TRY IT:
Using the listing below, please gather every line containing the word "Ffun".
Content starts
(* Let $U>0$, $\mu\in\mathbb{R}$, $T\ge0$ and let $(\gamma,\alpha,\rho_0)$ be a minimizer of $\mathcal{F}$ over $\mathcal{D}$. Then $\alpha\equiv0$ if and only if $\rho_0=0$. If $\rho_0>0$, then $\alpha<0$ almost everywhere and $\|\alpha\|_{L^1(\mathbb{T}^3)}<\rho_0$.
   Context: Let $\mathbb{T}^3=[-\pi,\pi]^3$ with periodic identification and normalized Haar measure $dp$. Let $\varepsilon(p)=4\sum_{k=1}^3\sin^2(p_k/2)$. $\mathcal{D}=\{(\gamma,\alpha,\rho_0): \gamma\in L^1(\mathbb{T}^3),\ \gamma\ge0,\ \alpha^2\le\gamma(1+\gamma)\text{ a.e.},\ \rho_0\ge0\}$. With $\beta=\sqrt{(\tfrac12+\gamma)^2-\alpha^2}$, $S(\gamma,\alpha)=\int\big[(\beta+\tfrac12)\ln(\beta+\tfrac12)-(\beta-\tfrac12)\ln(\beta-\tfrac12)\big]dp$, and $\mathcal{F}(\gamma,\alpha,\rho_0)=\int(\varepsilon-\mu)\gamma\,dp-\mu\rho_0-TS(\gamma,\alpha)+\frac U2(\int\alpha)^2+U(\int\gamma)^2+U\rho_0\int\alpha+2U\rho_0\int\gamma+\frac U2\rho_0^2$ (integrals over $\mathbb{T}^3$; entropy term absent at $T=0$). A minimizer is a point of $\mathcal{D}$ attaining $\inf_{\mathcal{D}}\mathcal{F}$. *)

theory Defs
  imports "HOL-Analysis.Analysis"
begin

text \<open>The torus [-pi,pi]^3 (periodic identification is immaterial for
integrals, the boundary is a null set), with normalized Haar measure =
normalized Lebesgue measure on the fundamental cube.\<close>

definition T3box :: "(real^3) set" where
  "T3box = cbox (\<chi> i. - pi) (\<chi> i. pi)"

definition torus :: "(real^3) measure" where
  "torus = uniform_measure lborel T3box"

definition tint :: "(real^3 \<Rightarrow> real) \<Rightarrow> real" where
  "tint f = (\<integral>p. f p \<partial>torus)"

definition disp :: "real^3 \<Rightarrow> real" where
  "disp p = 4 * (\<Sum>k\<in>UNIV. (sin (p $ k / 2))^2)"

definition betaf :: "real \<Rightarrow> real \<Rightarrow> real" where
  "betaf g a = sqrt ((1/2 + g)^2 - a^2)"

definition entropy_density :: "real \<Rightarrow> real" where
  "entropy_density b = (b + 1/2) * ln (b + 1/2) - (b - 1/2) * ln (b - 1/2)"

definition entropy :: "(real^3 \<Rightarrow> real) \<Rightarrow> (real^3 \<Rightarrow> real) \<Rightarrow> real" where
  "entropy \<gamma> \<alpha> = tint (\<lambda>p. entropy_density (betaf (\<gamma> p) (\<alpha> p)))"

definition admissible :: "(real^3 \<Rightarrow> real) \<Rightarrow> (real^3 \<Rightarrow> real) \<Rightarrow> real \<Rightarrow> bool" where
  "admissible \<gamma> \<alpha> \<rho>0 \<longleftrightarrow>
     integrable torus \<gamma> \<and> \<alpha> \<in> borel_measurable torus \<and>
     (AE p in torus. \<gamma> p \<ge> 0) \<and>
     (AE p in torus. (\<alpha> p)^2 \<le> \<gamma> p * (1 + \<gamma> p)) \<and> \<rho>0 \<ge> 0"

definition Ffun :: "real \<Rightarrow> real \<Rightarrow> real \<Rightarrow> (real^3 \<Rightarrow> real) \<Rightarrow> (real^3 \<Rightarrow> real) \<Rightarrow> real \<Rightarrow> real" where
  "Ffun U \<mu> T \<gamma> \<alpha> \<rho>0 =
     tint (\<lambda>p. (disp p - \<mu>) * \<gamma> p) - \<mu> * \<rho>0 - T * entropy \<gamma> \<alpha>
     + U / 2 * (tint \<alpha>)^2 + U * (tint \<gamma>)^2 + U * \<rho>0 * tint \<alpha>
     + 2 * U * \<rho>0 * tint \<gamma> + U / 2 * \<rho>0^2"

definition is_minimizer :: "real \<Rightarrow> real \<Rightarrow> real \<Rightarrow> (real^3 \<Rightarrow> real) \<Rightarrow> (real^3 \<Rightarrow> real) \<Rightarrow> real \<Rightarrow> bool" where
  "is_minimizer U \<mu> T \<gamma> \<alpha> \<rho>0 \<longleftrightarrow>
     admissible \<gamma> \<alpha> \<rho>0 \<and>
     (\<forall>\<gamma>' \<alpha>' \<rho>'. admissible \<gamma>' \<alpha>' \<rho>' \<longrightarrow> Ffun U \<mu> T \<gamma> \<alpha> \<rho>0 \<le> Ffun U \<mu> T \<gamma>' \<alpha>' \<rho>')"

end

theory Submission
  imports Defs "HOL-Probability.Probability_Measure"
begin

text \<open>
  The entropy density increases with beta = sqrt ((1/2 + gamma)^2 - alpha^2). So at T >= 0 a
  minimizer has no larger zero-temperature energy than any admissible competitor with pointwise
  larger beta, and in that energy alpha enters only through U/2 (int alpha + rho0)^2.
  Replacing alpha by -t |alpha| for 0 <= t <= 1 gives
  (int alpha + rho0)^2 <= (rho0 - t ||alpha||_1)^2, hence either int alpha + rho0 = 0, or
  alpha <= 0 a.e. and ||alpha||_1 < rho0.
  In the first case, unless alpha = 0 a.e., moving the mass alpha^2 / (1 + 2 gamma) from gamma
  into the condensate while shrinking alpha strictly lowers the energy.
  In the second case, adding e^2 to gamma and -e to alpha on the set where alpha = 0 lowers the
  energy at first order in e, so that set is null.
\<close>

lemma sets_torus [simp, measurable_cong]: "sets torus = sets borel"
  by (simp add: torus_def)

lemma space_torus [simp]: "space torus = UNIV"
  by (simp add: torus_def)

lemma prob_space_torus: "prob_space torus"
proof -
  have "0 < (\<Prod>b\<in>Basis. ((\<chi> i. pi) - (\<chi> i. - pi)) \<bullet> (b :: real^3))"
    by (intro prod_pos) (auto simp: Basis_vec_def inner_axis)
  then have "emeasure lborel T3box \<noteq> 0"
    unfolding T3box_def by (subst emeasure_lborel_cbox) (auto simp: Basis_vec_def inner_axis)
  then show ?thesis
    unfolding torus_def T3box_def
    using emeasure_lborel_cbox_finite by (intro prob_space_uniform_measure) (auto simp: less_top)
qed

interpretation torus: prob_space torus
  by (rule prob_space_torus)

lemma tint_cmult [simp]: "tint (\<lambda>p. c * f p) = c * tint f"
  by (simp add: tint_def)

lemma tint_nonneg: "AE p in torus. 0 \<le> f p \<Longrightarrow> 0 \<le> tint f"
  unfolding tint_def by (rule integral_nonneg_AE)

definition bose_entropy :: "real \<Rightarrow> real" where
  "bose_entropy x = (x + 1) * ln (x + 1) - x * ln x"

lemma entropy_density_eq_bose_entropy: "entropy_density b = bose_entropy (b - 1/2)"
  unfolding entropy_density_def bose_entropy_def by (simp add: algebra_simps)

lemma bose_entropy_eq: "0 < x \<Longrightarrow> bose_entropy x = ln (x + 1) + x * ln ((x + 1) / x)"
  unfolding bose_entropy_def by (simp add: ln_div algebra_simps)

lemma bose_entropy_0 [simp]: "bose_entropy 0 = 0"
  by (simp add: bose_entropy_def)

lemma bose_entropy_nonneg:
  assumes "0 \<le> x" shows "0 \<le> bose_entropy x"
proof (cases "x = 0")
  case False
  with assms have "0 < x" by simp
  then show ?thesis by (simp add: bose_entropy_eq)
qed simp

lemma bose_entropy_le:
  assumes "0 \<le> x" shows "bose_entropy x \<le> x + 1"
proof (cases "x = 0")
  case False
  with assms have x: "0 < x" by simp
  have "ln (x + 1) \<le> x"
    using ln_le_minus_one[of "x + 1"] x by simp
  moreover have "x * ln ((x + 1) / x) \<le> x * ((x + 1) / x - 1)"
    using x by (intro mult_left_mono ln_le_minus_one) auto
  ultimately show ?thesis
    using x by (simp add: bose_entropy_eq field_simps)
qed simp

lemma bose_entropy_has_real_derivative:
  assumes "0 < x" shows "(bose_entropy has_real_derivative ln (x + 1) - ln x) (at x)"
proof -
  have "((\<lambda>x. (x + 1) * ln (x + 1) - x * ln x) has_real_derivative
          (ln (x + 1) + 1) - (ln x + 1)) (at x)"
    using assms by (auto intro!: derivative_eq_intros)
  then show ?thesis
    unfolding bose_entropy_def[abs_def] by simp
qed

lemma bose_entropy_mono:
  assumes "0 \<le> x" "x \<le> y" shows "bose_entropy x \<le> bose_entropy y"
proof (cases "x = 0")
  case True
  then show ?thesis using assms bose_entropy_nonneg by simp
next
  case False
  with assms have x: "0 < x" by simp
  show ?thesis
  proof (rule DERIV_nonneg_imp_increasing_open[OF assms(2)])
    show "\<exists>d. (bose_entropy has_real_derivative d) (at z) \<and> 0 \<le> d"
      if "x < z" "z < y" for z
      using that x bose_entropy_has_real_derivative[of z] by auto
    show "continuous_on {x..y} bose_entropy"
      using x by (intro continuous_at_imp_continuous_on ballI
          DERIV_isCont[OF bose_entropy_has_real_derivative]) auto
  qed
qed

lemma entropy_density_mono:
  "1/2 \<le> b \<Longrightarrow> b \<le> b' \<Longrightarrow> entropy_density b \<le> entropy_density b'"
  unfolding entropy_density_eq_bose_entropy by (rule bose_entropy_mono) auto

lemma betaf_ge_half: "a\<^sup>2 \<le> g * (1 + g) \<Longrightarrow> 1/2 \<le> betaf g a"
  unfolding betaf_def
  by (rule real_le_rsqrt) (simp add: power2_eq_square algebra_simps)

lemma betaf_le: "0 \<le> g \<Longrightarrow> betaf g a \<le> 1/2 + g"
  unfolding betaf_def using real_sqrt_le_mono[of "(1/2 + g)\<^sup>2 - a\<^sup>2" "(1/2 + g)\<^sup>2"] by simp

lemma disp_bounds: "0 \<le> disp p" "disp p \<le> 12"
proof -
  have "(\<Sum>k\<in>UNIV. (sin (p $ k / 2))\<^sup>2) \<le> (\<Sum>k\<in>(UNIV :: 3 set). 1)"
    by (intro sum_mono) (simp add: abs_square_le_1)
  then show "disp p \<le> 12"
    unfolding disp_def by simp
  show "0 \<le> disp p"
    unfolding disp_def by (simp add: sum_nonneg)
qed

lemma borel_measurable_disp [measurable]: "disp \<in> borel_measurable borel"
  unfolding disp_def by measurable

lemma integrable_disp_mult:
  assumes "integrable torus f" shows "integrable torus (\<lambda>p. disp p * f p)"
proof (rule Bochner_Integration.integrable_bound)
  show "integrable torus (\<lambda>p. 12 * f p)"
    using assms by simp
  show "AE p in torus. norm (disp p * f p) \<le> norm (12 * f p)"
    using disp_bounds by (auto simp: abs_mult intro!: mult_right_mono)
qed (use borel_measurable_integrable[OF assms] in simp)

lemma tint_disp_mult_le:
  assumes "integrable torus f" "AE p in torus. 0 \<le> f p"
  shows "tint (\<lambda>p. disp p * f p) \<le> 12 * tint f"
proof -
  have "tint (\<lambda>p. disp p * f p) \<le> tint (\<lambda>p. 12 * f p)"
    unfolding tint_def using assms(2)
  proof (intro integral_mono_AE)
    show "integrable torus (\<lambda>p. disp p * f p)" "integrable torus (\<lambda>p. 12 * f p)"
      using assms(1) integrable_disp_mult[OF assms(1)] by simp_all
  qed (auto intro: mult_right_mono disp_bounds)
  then show ?thesis
    by simp
qed

lemma admissibleD:
  assumes "admissible \<gamma> \<alpha> \<rho>"
  shows "integrable torus \<gamma>" "\<alpha> \<in> borel_measurable torus" "AE p in torus. 0 \<le> \<gamma> p"
    "AE p in torus. (\<alpha> p)\<^sup>2 \<le> \<gamma> p * (1 + \<gamma> p)" "0 \<le> \<rho>"
  using assms unfolding admissible_def by auto

lemma abs_le_add_half_if_sq_le:
  fixes a g :: real
  assumes "0 \<le> g" "a\<^sup>2 \<le> g * (1 + g)" shows "\<bar>a\<bar> \<le> g + 1/2"
proof (rule power2_le_imp_le)
  show "\<bar>a\<bar>\<^sup>2 \<le> (g + 1/2)\<^sup>2"
    using assms by (simp add: power2_eq_square algebra_simps)
qed (use assms in simp)

lemma integrable_alpha_if_admissible:
  assumes "admissible \<gamma> \<alpha> \<rho>" shows "integrable torus \<alpha>"
proof (rule Bochner_Integration.integrable_bound)
  note adm = admissibleD[OF assms]
  show "integrable torus (\<lambda>p. \<gamma> p + 1/2)"
    using adm by simp
  show "AE p in torus. norm (\<alpha> p) \<le> norm (\<gamma> p + 1/2)"
    using adm(3,4) by eventually_elim (auto dest: abs_le_add_half_if_sq_le)
qed (use admissibleD(2)[OF assms] in simp)
lemma three_large_subsets_card_le:
  assumes "finite H" and "A \<subseteq> H" and "B \<subseteq> H" and "C \<subseteq> H"
    and "card H \<le> card A + t" and "card H \<le> card B + t" and "card H \<le> card C + t"
    and "card (A \<inter> B) \<le> s" and "card (A \<inter> C) \<le> s" and "card (B \<inter> C) \<le> s"
  shows "2 * card H \<le> 3 * t + 3 * s"
proof -
  have "finite A" "finite B" "finite C"
    using assms(1-4) by (auto intro: finite_subset)
  moreover have "card (A \<union> B \<union> C) \<le> card H"
    using assms(1-4) by (intro card_mono) auto
  ultimately show ?thesis
    using card_add3_le_card_Un_Int[of A B C] assms(5-10) by linarith
qed

lemma card_image_le_2I:
  assumes "\<And>a b c. a \<in> A \<Longrightarrow> b \<in> A \<Longrightarrow> c \<in> A \<Longrightarrow>
      f a \<noteq> f b \<Longrightarrow> f a \<noteq> f c \<Longrightarrow> f b \<noteq> f c \<Longrightarrow> False"
  shows "card (f ` A) \<le> 2"
proof (rule ccontr)
  assume "\<not> card (f ` A) \<le> 2"
  then have "3 \<le> card (f ` A)" by simp
  then obtain S where "S \<subseteq> f ` A" and "card S = 3"
    by (rule obtain_subset_with_card_n)
  then obtain x y z where "{x, y, z} \<subseteq> f ` A" and "x \<noteq> y" "x \<noteq> z" "y \<noteq> z"
    by (auto simp: card_3_iff)
  moreover obtain a b c where "a \<in> A" "b \<in> A" "c \<in> A" "f a = x" "f b = y" "f c = z"
    using \<open>{x, y, z} \<subseteq> f ` A\<close> by (metis imageE insert_subset)
  ultimately show False
    using assms[of a b c] by simp
qed

definition consistent_honest :: "(nat \<Rightarrow> nat \<Rightarrow> 'f) \<Rightarrow> nat set \<Rightarrow> nat \<Rightarrow> nat set" where
  "consistent_honest Y H i = {j \<in> H. Y j j = Y i j}"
Content ends
TASK RESULT:
definition Ffun :: "real \<Rightarrow> real \<Rightarrow> real \<Rightarrow> (real^3 \<Rightarrow> real) \<Rightarrow> (real^3 \<Rightarrow> real) \<Rightarrow> real \<Rightarrow> real" where
  "Ffun U \<mu> T \<gamma> \<alpha> \<rho>0 =
     (\<forall>\<gamma>' \<alpha>' \<rho>'. admissible \<gamma>' \<alpha>' \<rho>' \<longrightarrow> Ffun U \<mu> T \<gamma> \<alpha> \<rho>0 \<le> Ffun U \<mu> T \<gamma>' \<alpha>' \<rho>')"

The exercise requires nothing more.